──────── Data
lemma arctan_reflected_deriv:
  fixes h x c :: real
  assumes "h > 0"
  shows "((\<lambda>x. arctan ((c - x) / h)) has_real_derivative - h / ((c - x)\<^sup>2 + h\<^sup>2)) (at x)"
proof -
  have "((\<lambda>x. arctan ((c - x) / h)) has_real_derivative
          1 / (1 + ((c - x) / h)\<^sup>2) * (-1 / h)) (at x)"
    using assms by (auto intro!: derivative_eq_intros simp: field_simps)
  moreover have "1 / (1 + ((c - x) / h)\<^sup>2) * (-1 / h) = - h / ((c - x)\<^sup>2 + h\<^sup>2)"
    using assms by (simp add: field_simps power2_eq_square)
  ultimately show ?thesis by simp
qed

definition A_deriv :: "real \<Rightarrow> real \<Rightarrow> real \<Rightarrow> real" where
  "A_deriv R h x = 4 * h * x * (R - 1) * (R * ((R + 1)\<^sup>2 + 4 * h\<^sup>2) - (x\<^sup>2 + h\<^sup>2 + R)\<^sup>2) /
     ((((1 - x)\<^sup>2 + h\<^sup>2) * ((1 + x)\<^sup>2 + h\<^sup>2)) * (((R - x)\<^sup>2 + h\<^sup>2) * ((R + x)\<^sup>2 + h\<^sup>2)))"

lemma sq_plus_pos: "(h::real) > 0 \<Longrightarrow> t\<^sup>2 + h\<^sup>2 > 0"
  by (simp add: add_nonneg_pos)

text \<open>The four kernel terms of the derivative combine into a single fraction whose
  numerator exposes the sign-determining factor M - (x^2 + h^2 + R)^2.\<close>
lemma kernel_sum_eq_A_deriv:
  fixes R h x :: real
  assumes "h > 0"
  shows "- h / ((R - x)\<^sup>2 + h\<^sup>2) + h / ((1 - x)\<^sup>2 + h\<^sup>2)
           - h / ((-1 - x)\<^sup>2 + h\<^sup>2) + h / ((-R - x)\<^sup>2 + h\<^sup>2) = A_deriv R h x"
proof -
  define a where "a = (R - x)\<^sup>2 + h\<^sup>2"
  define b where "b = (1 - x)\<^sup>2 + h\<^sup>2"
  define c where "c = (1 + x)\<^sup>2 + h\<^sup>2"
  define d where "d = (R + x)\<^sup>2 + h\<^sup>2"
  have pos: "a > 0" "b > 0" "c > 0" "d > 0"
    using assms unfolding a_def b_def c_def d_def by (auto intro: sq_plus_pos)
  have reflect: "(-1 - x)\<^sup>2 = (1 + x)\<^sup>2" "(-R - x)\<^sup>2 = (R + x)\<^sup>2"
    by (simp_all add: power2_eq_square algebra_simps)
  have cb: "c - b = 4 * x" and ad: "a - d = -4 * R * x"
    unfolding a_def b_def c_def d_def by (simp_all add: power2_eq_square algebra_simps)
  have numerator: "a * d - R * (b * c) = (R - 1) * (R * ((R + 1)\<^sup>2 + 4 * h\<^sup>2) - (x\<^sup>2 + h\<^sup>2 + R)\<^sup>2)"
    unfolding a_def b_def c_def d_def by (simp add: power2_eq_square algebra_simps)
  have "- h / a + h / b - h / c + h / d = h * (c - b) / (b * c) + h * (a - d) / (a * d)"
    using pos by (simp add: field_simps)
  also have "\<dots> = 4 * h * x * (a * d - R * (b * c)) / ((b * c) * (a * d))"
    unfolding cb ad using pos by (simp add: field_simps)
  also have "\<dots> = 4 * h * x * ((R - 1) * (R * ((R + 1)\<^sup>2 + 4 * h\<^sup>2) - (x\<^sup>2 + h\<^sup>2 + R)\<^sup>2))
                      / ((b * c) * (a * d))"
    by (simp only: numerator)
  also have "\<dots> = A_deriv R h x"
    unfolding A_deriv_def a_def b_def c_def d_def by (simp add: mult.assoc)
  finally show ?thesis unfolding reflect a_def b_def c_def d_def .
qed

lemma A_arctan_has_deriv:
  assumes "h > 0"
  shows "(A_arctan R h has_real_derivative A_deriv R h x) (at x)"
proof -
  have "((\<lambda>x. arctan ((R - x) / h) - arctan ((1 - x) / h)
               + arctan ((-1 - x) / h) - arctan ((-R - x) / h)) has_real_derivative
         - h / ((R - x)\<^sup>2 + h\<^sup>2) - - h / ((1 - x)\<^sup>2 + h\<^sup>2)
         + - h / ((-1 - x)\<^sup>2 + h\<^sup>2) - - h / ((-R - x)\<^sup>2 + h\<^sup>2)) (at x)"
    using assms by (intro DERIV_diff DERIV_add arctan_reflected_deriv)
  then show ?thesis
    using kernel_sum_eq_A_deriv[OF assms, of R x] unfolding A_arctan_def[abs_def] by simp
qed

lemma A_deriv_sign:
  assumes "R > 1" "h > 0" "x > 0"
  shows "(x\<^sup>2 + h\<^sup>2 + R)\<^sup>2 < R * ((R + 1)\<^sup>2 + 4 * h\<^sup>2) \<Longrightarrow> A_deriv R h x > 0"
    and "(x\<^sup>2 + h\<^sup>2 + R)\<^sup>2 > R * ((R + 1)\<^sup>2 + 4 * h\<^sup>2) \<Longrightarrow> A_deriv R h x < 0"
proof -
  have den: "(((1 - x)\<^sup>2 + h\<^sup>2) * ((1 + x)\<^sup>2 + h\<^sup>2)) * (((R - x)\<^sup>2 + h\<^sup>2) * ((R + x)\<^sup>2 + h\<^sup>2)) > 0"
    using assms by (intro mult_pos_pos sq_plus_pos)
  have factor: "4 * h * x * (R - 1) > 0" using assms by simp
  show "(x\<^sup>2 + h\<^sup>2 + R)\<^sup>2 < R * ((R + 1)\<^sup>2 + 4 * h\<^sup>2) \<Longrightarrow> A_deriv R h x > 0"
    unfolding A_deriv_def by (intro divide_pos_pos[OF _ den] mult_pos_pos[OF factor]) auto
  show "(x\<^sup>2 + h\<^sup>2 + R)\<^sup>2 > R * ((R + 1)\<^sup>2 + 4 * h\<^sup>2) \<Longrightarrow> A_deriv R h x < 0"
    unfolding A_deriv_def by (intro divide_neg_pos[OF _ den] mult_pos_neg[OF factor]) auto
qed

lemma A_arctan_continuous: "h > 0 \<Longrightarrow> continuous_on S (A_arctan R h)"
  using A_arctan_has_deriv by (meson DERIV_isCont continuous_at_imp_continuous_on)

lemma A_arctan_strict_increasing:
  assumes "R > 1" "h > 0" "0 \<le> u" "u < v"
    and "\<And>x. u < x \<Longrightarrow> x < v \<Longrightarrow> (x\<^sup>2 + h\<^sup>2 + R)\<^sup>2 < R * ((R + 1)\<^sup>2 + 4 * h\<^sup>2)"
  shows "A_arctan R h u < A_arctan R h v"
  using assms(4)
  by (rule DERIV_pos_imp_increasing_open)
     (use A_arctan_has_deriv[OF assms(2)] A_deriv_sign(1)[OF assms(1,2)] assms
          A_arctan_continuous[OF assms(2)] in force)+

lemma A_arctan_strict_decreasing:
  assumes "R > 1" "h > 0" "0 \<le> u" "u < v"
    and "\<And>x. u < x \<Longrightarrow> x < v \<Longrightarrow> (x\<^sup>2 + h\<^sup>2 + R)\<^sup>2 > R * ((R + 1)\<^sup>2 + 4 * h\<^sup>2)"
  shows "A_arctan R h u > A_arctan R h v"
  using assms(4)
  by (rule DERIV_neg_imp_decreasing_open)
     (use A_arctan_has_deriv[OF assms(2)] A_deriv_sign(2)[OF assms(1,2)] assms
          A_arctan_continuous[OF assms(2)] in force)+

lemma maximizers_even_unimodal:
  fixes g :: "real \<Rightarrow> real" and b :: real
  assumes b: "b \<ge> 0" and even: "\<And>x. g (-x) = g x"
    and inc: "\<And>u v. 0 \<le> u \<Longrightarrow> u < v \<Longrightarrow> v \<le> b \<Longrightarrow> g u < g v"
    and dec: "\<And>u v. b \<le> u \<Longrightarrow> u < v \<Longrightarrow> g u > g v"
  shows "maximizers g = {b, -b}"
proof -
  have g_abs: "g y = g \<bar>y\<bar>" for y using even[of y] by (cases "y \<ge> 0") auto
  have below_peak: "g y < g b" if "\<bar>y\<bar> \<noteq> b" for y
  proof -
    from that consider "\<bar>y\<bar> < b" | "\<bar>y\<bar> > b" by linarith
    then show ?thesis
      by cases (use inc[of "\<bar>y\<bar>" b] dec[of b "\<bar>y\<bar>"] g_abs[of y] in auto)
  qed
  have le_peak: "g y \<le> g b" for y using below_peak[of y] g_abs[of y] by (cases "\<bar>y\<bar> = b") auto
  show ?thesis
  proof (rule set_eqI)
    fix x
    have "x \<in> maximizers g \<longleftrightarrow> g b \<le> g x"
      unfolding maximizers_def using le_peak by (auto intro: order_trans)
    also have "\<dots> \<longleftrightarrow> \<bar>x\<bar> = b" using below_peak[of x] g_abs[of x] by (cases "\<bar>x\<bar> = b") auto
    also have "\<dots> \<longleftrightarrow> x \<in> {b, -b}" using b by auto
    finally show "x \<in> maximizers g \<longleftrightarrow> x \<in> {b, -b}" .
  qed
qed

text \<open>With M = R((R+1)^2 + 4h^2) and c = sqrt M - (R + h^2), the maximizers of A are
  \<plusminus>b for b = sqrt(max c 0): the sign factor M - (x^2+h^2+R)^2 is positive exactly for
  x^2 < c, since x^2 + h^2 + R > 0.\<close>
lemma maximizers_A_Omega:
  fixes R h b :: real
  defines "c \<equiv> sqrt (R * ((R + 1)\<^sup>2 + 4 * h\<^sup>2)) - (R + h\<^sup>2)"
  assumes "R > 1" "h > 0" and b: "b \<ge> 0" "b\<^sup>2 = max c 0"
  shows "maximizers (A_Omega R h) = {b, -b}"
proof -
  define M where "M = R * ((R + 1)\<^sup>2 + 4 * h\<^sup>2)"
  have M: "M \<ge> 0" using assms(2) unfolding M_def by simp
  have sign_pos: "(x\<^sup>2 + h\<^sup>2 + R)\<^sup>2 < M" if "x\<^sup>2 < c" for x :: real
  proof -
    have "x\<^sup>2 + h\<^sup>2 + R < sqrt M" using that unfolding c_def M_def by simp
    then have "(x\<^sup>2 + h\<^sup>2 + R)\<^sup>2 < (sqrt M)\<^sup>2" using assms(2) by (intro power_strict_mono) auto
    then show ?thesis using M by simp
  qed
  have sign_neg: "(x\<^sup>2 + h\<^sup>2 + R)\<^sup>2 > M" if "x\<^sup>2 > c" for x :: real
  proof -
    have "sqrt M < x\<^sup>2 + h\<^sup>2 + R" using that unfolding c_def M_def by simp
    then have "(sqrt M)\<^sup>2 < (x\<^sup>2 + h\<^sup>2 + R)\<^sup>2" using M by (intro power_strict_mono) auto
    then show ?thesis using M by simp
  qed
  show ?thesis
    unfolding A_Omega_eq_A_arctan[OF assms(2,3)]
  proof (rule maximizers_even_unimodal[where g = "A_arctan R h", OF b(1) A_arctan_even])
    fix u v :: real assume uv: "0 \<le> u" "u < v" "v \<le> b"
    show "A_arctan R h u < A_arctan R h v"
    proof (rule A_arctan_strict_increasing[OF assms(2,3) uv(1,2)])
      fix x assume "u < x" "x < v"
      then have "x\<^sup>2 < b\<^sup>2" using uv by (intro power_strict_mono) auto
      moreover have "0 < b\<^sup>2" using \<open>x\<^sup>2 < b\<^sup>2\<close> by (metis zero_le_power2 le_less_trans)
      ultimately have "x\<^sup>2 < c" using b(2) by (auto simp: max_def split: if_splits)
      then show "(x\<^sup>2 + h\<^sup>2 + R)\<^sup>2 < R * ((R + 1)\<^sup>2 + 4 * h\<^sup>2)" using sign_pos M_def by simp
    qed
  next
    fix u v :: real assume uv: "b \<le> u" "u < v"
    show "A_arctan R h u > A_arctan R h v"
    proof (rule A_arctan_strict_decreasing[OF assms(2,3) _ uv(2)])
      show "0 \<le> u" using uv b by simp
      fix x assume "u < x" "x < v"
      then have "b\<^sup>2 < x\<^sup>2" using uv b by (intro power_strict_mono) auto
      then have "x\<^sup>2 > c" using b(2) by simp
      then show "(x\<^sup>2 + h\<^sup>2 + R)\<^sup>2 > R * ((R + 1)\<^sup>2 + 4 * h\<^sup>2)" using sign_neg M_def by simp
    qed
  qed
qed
────────────────
What the task asks:
Whenever a line above includes the string "also", copy it.

Response area:
  also have "\<dots> = 4 * h * x * (a * d - R * (b * c)) / ((b * c) * (a * d))"
  also have "\<dots> = 4 * h * x * ((R - 1) * (R * ((R + 1)\<^sup>2 + 4 * h\<^sup>2) - (x\<^sup>2 + h\<^sup>2 + R)\<^sup>2))
  also have "\<dots> = A_deriv R h x"
    also have "\<dots> \<longleftrightarrow> \<bar>x\<bar> = b" using below_peak[of x] g_abs[of x] by (cases "\<bar>x\<bar> = b") auto
    also have "\<dots> \<longleftrightarrow> x \<in> {b, -b}" using b by auto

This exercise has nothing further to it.